**Prompt:**
Start at the line in the entries below that contains "then obtain t", stop at the line that contains "then obtain s where", and output exactly the lines in that span, both ends included.

**Task inputs:**

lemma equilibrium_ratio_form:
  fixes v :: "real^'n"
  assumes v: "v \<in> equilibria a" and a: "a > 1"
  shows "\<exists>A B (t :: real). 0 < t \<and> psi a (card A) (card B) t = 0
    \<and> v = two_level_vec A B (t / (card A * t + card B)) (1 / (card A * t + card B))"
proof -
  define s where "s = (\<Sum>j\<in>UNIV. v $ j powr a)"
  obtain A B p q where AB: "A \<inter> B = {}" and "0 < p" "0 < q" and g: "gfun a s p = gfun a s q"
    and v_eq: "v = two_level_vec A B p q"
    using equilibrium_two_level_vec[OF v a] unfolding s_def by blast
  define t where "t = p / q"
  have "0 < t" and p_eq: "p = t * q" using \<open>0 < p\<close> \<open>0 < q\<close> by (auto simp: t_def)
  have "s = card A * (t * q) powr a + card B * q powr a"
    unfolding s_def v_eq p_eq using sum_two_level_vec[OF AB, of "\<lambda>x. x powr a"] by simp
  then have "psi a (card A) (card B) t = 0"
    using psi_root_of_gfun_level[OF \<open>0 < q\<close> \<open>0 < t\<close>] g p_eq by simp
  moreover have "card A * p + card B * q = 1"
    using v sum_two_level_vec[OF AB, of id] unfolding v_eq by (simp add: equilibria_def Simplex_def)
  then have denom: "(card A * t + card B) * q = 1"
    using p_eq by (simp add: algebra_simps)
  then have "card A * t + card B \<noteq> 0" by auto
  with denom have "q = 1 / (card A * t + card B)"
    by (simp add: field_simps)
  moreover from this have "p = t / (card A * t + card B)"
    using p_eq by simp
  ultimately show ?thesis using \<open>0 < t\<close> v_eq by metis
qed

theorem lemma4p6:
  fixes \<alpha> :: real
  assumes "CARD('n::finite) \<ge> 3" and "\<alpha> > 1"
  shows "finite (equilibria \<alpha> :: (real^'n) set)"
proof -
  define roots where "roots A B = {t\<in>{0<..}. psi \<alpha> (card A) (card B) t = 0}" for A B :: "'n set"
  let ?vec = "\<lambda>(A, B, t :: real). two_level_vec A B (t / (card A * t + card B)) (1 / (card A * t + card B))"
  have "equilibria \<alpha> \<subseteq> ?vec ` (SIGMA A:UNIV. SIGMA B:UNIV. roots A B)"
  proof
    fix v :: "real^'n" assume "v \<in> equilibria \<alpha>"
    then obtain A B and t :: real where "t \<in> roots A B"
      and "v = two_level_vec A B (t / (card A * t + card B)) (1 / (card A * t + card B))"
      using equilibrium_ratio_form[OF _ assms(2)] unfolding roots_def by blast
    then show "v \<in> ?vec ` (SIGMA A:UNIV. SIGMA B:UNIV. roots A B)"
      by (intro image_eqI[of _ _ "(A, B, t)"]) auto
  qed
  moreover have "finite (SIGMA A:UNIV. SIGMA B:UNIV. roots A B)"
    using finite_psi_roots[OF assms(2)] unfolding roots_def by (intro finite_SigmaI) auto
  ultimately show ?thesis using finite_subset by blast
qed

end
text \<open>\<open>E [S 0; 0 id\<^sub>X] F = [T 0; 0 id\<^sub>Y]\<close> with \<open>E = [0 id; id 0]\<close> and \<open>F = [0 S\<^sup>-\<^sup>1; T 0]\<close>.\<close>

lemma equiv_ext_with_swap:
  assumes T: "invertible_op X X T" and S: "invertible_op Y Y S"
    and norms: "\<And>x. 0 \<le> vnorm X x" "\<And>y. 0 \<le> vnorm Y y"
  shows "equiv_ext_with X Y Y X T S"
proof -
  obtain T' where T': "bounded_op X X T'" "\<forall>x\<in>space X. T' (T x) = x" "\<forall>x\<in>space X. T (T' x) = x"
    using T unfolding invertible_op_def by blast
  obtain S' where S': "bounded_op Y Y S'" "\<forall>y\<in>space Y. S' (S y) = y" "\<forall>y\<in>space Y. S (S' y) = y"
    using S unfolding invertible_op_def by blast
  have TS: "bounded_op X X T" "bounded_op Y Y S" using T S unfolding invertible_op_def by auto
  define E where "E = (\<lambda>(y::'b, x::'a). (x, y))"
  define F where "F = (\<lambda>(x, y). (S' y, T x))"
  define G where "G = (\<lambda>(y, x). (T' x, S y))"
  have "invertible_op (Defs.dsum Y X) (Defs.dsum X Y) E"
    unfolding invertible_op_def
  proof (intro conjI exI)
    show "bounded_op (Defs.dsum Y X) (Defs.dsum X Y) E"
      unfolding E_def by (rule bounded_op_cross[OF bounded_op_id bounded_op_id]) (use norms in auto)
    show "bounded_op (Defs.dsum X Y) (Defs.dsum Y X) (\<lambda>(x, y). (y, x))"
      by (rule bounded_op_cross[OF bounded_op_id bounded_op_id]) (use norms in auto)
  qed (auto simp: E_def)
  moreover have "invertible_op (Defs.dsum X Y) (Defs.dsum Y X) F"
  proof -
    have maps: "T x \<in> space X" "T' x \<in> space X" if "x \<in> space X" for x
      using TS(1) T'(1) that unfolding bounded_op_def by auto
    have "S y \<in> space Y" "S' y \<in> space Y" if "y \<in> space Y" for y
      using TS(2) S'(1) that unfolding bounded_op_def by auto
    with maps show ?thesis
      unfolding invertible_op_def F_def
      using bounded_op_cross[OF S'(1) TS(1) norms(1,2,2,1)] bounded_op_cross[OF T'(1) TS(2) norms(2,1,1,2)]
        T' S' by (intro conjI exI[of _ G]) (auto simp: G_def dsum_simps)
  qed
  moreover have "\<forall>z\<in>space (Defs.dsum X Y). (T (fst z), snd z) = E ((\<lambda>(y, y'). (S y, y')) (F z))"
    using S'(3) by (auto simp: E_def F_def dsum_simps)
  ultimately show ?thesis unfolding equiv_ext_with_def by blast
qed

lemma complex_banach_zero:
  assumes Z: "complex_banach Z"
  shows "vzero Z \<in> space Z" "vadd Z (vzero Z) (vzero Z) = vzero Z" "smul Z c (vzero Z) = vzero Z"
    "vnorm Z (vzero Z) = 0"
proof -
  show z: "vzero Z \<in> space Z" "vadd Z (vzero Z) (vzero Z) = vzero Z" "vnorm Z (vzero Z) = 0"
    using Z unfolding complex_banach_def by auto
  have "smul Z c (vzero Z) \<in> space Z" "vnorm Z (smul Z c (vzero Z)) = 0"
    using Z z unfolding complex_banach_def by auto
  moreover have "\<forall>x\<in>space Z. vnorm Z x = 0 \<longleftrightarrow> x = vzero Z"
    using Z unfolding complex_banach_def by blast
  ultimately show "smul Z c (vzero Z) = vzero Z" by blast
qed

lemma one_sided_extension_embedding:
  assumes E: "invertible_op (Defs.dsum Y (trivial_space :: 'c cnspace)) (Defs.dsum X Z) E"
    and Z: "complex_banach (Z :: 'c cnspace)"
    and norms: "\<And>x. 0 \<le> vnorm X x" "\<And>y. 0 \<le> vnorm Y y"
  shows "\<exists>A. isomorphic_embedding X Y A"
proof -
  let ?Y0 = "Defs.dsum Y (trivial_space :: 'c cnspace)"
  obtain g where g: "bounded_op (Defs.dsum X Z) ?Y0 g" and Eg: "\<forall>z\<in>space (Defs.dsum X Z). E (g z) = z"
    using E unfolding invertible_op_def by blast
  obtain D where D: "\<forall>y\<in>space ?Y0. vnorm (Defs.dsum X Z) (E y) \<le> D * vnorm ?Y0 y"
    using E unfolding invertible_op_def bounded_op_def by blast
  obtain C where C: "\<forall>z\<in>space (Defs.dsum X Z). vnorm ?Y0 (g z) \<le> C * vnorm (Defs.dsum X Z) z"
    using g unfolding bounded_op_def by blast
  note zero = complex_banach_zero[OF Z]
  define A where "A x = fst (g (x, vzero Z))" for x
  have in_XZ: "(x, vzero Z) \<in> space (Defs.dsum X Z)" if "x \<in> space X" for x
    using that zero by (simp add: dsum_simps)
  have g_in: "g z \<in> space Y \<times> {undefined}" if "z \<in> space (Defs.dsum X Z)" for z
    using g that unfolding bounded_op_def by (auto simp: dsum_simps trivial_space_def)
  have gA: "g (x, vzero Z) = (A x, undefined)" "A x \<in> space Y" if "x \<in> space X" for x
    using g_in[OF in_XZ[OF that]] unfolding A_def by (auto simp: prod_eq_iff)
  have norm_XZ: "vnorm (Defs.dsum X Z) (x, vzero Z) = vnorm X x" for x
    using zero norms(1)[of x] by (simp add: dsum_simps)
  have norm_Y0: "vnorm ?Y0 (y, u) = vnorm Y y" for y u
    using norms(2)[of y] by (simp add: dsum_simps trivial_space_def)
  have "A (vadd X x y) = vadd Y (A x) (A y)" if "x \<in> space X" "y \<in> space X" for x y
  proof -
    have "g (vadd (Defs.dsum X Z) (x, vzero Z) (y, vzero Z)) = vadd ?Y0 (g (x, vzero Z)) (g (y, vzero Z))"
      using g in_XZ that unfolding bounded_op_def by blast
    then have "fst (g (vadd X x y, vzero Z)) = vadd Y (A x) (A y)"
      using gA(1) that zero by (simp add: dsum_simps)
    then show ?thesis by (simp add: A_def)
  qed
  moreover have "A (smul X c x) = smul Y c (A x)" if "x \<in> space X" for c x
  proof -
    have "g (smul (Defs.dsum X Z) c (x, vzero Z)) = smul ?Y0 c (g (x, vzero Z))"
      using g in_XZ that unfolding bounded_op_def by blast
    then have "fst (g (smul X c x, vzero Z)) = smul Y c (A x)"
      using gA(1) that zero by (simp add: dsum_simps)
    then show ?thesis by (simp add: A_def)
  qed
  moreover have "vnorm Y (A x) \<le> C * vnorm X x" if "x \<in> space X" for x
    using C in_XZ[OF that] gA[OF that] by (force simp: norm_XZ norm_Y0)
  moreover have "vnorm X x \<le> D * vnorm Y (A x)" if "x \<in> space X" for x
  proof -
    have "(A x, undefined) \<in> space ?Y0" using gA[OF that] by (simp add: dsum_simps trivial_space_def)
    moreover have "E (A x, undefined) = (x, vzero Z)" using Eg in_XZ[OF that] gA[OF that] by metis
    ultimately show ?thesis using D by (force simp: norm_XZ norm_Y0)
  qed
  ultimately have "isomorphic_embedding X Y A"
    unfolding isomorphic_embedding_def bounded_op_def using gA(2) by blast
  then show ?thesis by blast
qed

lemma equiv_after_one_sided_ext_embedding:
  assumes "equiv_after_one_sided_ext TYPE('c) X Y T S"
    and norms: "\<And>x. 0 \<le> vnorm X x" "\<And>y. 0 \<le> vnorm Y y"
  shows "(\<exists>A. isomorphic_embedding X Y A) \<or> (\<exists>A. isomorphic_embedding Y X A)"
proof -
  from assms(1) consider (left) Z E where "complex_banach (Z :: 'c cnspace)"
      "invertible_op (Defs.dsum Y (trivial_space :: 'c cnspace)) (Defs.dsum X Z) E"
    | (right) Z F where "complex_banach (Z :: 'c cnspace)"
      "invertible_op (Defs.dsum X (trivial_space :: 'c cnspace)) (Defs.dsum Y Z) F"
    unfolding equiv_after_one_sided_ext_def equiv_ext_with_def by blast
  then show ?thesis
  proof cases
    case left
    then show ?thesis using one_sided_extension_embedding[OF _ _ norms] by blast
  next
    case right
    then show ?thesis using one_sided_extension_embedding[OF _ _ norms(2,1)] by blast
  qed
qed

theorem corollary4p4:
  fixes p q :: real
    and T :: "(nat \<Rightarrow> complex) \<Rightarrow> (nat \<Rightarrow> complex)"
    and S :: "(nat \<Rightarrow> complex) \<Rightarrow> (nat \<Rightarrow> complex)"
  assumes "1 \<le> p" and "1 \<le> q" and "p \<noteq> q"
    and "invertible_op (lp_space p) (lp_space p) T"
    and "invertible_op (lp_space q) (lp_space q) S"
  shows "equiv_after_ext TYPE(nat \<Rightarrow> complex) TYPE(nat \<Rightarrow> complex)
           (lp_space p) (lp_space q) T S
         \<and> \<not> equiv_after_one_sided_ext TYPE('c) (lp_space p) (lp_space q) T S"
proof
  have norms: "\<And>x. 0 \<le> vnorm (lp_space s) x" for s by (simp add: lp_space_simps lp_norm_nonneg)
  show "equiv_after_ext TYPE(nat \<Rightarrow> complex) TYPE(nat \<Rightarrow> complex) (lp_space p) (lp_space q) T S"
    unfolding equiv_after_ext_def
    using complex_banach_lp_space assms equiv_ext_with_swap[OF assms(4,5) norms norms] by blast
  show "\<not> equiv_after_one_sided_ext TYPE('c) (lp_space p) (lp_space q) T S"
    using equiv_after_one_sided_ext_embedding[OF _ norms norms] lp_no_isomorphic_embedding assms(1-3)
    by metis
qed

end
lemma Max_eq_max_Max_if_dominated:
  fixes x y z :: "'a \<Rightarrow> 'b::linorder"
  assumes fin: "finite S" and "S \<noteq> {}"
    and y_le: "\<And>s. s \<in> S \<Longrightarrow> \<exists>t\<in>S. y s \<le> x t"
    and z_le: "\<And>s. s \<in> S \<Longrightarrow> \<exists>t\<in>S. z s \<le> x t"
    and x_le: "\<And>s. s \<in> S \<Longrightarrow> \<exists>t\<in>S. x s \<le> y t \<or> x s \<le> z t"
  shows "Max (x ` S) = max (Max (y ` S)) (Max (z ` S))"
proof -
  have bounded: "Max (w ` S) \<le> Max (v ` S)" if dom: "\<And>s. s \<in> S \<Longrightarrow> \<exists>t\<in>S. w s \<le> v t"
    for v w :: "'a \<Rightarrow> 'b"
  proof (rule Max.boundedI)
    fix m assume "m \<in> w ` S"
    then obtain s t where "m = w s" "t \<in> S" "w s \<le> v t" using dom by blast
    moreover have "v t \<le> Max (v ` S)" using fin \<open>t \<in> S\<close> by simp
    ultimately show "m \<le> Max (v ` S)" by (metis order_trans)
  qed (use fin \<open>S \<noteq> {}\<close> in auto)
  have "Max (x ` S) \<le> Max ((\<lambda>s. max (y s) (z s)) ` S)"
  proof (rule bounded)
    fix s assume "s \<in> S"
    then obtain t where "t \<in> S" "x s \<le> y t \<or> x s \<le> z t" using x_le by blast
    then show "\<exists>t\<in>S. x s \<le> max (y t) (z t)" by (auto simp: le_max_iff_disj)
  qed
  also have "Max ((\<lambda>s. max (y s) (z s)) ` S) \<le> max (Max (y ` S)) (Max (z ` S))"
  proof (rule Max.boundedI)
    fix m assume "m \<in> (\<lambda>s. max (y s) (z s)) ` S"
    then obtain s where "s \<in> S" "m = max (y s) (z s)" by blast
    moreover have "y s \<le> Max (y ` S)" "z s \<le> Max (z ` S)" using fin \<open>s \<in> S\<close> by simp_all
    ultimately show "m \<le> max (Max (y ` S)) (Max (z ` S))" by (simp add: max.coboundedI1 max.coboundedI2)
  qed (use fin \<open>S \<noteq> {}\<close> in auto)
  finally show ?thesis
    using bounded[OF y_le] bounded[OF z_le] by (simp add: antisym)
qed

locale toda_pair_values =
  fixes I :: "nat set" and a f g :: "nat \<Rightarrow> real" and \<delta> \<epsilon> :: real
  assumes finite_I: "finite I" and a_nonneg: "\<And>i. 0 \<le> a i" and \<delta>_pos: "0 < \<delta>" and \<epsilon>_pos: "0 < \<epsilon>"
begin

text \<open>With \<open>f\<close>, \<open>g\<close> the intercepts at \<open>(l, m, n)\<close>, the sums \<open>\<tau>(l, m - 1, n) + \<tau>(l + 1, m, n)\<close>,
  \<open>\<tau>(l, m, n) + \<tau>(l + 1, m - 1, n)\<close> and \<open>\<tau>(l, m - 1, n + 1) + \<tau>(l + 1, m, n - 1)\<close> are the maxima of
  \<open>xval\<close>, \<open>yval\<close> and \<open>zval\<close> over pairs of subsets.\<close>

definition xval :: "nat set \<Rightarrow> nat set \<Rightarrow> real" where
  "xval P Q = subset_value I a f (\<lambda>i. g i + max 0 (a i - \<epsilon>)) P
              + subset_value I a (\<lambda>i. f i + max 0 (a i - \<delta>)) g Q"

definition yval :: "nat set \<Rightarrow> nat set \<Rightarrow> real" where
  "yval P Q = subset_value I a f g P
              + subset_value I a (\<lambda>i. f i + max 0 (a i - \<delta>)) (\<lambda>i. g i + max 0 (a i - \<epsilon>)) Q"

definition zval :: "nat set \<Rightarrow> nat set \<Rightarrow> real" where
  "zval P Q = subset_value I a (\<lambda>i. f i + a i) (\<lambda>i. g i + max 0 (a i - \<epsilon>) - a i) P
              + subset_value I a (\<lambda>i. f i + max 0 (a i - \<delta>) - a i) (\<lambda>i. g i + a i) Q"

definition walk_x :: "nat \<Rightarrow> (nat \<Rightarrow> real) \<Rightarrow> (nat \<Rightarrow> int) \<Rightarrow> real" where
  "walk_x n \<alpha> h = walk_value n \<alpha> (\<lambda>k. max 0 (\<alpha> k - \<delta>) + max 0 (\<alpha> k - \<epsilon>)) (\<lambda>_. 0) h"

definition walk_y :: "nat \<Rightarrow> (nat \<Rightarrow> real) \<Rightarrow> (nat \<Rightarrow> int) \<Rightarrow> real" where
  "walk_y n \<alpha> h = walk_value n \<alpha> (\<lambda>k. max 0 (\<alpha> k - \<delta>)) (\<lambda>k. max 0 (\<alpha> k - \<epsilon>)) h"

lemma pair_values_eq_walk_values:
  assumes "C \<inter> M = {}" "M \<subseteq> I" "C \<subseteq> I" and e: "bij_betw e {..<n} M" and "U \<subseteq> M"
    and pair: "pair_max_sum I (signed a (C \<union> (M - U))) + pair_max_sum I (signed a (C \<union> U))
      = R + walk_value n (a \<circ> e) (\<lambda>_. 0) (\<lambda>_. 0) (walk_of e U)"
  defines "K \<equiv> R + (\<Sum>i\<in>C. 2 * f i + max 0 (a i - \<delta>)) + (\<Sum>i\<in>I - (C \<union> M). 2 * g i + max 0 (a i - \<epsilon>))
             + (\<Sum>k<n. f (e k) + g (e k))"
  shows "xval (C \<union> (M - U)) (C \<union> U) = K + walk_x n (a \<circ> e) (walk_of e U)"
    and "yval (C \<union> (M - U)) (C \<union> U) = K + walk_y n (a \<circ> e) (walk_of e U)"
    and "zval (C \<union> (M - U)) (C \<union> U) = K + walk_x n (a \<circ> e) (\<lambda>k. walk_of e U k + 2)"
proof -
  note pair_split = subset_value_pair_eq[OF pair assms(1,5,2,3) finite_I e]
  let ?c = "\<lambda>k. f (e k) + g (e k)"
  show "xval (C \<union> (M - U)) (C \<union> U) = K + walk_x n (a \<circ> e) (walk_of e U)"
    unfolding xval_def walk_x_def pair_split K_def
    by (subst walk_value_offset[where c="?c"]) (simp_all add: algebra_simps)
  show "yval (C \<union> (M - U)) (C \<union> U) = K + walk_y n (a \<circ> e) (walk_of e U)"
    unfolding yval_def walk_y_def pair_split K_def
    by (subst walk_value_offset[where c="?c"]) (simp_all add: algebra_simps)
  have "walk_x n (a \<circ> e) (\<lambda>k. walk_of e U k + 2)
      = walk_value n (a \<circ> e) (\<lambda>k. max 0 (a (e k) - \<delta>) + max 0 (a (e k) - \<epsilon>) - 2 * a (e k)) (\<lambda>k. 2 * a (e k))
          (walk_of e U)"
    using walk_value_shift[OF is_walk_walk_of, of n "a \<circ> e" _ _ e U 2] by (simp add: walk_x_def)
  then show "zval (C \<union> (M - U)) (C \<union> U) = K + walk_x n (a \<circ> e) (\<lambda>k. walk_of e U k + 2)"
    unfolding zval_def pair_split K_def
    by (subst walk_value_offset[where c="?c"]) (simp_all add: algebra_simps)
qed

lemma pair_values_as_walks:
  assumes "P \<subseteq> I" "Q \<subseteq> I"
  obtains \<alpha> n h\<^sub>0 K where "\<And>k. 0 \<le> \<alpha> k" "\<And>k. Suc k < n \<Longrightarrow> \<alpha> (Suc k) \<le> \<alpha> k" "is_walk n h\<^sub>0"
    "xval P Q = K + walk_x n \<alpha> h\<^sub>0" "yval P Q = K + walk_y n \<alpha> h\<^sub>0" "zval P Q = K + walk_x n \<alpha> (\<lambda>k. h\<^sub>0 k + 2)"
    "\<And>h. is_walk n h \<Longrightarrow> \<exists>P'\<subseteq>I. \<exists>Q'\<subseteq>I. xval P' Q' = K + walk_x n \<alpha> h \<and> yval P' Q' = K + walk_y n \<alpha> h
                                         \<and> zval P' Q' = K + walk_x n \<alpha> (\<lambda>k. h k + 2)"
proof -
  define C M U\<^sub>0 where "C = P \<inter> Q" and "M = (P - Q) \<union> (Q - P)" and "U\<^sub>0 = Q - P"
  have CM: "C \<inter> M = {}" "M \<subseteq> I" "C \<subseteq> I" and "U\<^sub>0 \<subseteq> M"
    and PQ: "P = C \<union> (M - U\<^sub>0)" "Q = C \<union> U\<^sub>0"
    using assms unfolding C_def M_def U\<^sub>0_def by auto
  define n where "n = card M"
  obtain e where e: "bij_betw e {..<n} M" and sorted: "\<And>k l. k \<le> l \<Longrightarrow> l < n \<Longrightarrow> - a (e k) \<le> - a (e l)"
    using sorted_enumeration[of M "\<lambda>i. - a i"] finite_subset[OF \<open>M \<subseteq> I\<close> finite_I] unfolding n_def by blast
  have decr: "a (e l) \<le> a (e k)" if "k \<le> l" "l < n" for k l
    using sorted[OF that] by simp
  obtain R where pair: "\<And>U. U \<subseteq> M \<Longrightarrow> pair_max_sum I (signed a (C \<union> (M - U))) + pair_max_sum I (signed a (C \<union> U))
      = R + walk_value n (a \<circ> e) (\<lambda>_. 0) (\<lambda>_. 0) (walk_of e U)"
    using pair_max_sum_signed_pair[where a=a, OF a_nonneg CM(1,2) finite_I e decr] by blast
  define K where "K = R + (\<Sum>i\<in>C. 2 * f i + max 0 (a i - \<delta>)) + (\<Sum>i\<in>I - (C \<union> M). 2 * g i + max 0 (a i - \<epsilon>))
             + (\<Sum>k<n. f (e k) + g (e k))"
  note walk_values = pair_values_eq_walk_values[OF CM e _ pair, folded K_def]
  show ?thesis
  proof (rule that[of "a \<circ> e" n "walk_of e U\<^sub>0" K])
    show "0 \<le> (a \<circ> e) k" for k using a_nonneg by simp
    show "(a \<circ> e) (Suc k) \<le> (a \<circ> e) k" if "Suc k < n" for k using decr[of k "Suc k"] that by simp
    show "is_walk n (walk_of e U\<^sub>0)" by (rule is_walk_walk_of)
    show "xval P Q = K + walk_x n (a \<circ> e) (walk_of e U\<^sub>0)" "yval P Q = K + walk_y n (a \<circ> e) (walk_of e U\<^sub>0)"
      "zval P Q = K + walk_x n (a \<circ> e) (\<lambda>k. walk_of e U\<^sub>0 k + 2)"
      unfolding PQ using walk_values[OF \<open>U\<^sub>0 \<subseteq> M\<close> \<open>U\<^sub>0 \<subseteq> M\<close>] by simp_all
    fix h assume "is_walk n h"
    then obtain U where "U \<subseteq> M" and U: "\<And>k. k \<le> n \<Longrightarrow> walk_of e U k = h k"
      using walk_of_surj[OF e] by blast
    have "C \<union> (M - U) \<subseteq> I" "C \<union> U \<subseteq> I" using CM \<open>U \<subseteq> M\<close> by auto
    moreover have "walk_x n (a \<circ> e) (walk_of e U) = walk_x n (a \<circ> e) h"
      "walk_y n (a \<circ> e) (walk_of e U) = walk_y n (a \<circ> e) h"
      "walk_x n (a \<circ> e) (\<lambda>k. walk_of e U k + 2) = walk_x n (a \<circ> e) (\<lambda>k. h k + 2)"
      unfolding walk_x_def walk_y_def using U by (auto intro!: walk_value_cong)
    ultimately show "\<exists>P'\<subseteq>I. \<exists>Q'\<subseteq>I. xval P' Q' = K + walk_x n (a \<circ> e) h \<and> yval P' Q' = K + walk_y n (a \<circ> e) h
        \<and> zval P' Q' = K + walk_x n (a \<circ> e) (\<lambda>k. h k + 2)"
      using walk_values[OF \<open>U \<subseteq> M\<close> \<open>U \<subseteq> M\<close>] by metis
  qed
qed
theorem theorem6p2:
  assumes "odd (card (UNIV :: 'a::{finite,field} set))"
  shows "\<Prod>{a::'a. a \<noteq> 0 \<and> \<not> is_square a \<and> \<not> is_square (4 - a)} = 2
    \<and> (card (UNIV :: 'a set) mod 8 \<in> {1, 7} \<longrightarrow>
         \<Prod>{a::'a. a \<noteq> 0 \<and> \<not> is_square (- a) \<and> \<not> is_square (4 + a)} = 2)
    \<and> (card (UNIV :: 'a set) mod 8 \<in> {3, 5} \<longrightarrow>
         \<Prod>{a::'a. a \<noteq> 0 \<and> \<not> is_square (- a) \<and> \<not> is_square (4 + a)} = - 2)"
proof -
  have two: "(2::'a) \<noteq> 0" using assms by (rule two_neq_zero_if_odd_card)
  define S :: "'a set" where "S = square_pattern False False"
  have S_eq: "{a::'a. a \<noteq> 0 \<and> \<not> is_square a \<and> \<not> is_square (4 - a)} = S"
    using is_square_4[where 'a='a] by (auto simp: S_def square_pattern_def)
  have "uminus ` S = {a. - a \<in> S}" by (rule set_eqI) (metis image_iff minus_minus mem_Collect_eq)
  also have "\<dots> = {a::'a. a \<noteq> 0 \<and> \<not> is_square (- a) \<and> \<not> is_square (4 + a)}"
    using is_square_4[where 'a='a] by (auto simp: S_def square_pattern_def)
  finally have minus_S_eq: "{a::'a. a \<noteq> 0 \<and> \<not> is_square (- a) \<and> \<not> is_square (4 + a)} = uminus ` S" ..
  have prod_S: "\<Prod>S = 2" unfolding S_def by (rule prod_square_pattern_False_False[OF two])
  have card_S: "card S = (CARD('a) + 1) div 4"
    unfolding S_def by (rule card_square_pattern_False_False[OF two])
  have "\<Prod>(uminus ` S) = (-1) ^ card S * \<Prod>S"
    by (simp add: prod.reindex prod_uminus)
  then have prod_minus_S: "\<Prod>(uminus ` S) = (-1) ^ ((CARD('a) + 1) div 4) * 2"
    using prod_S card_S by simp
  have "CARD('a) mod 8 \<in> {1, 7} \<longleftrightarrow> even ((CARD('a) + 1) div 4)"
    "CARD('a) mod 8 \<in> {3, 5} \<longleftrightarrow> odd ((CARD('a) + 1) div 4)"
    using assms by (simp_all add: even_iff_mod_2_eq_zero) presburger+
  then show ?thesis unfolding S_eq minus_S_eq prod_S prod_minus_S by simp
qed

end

**Output for this exercise:**
    then obtain t where "t \<in> S" "x s \<le> y t \<or> x s \<le> z t" using x_le by blast
    then show "\<exists>t\<in>S. x s \<le> max (y t) (z t)" by (auto simp: le_max_iff_disj)
  qed
  also have "Max ((\<lambda>s. max (y s) (z s)) ` S) \<le> max (Max (y ` S)) (Max (z ` S))"
  proof (rule Max.boundedI)
    fix m assume "m \<in> (\<lambda>s. max (y s) (z s)) ` S"
    then obtain s where "s \<in> S" "m = max (y s) (z s)" by blast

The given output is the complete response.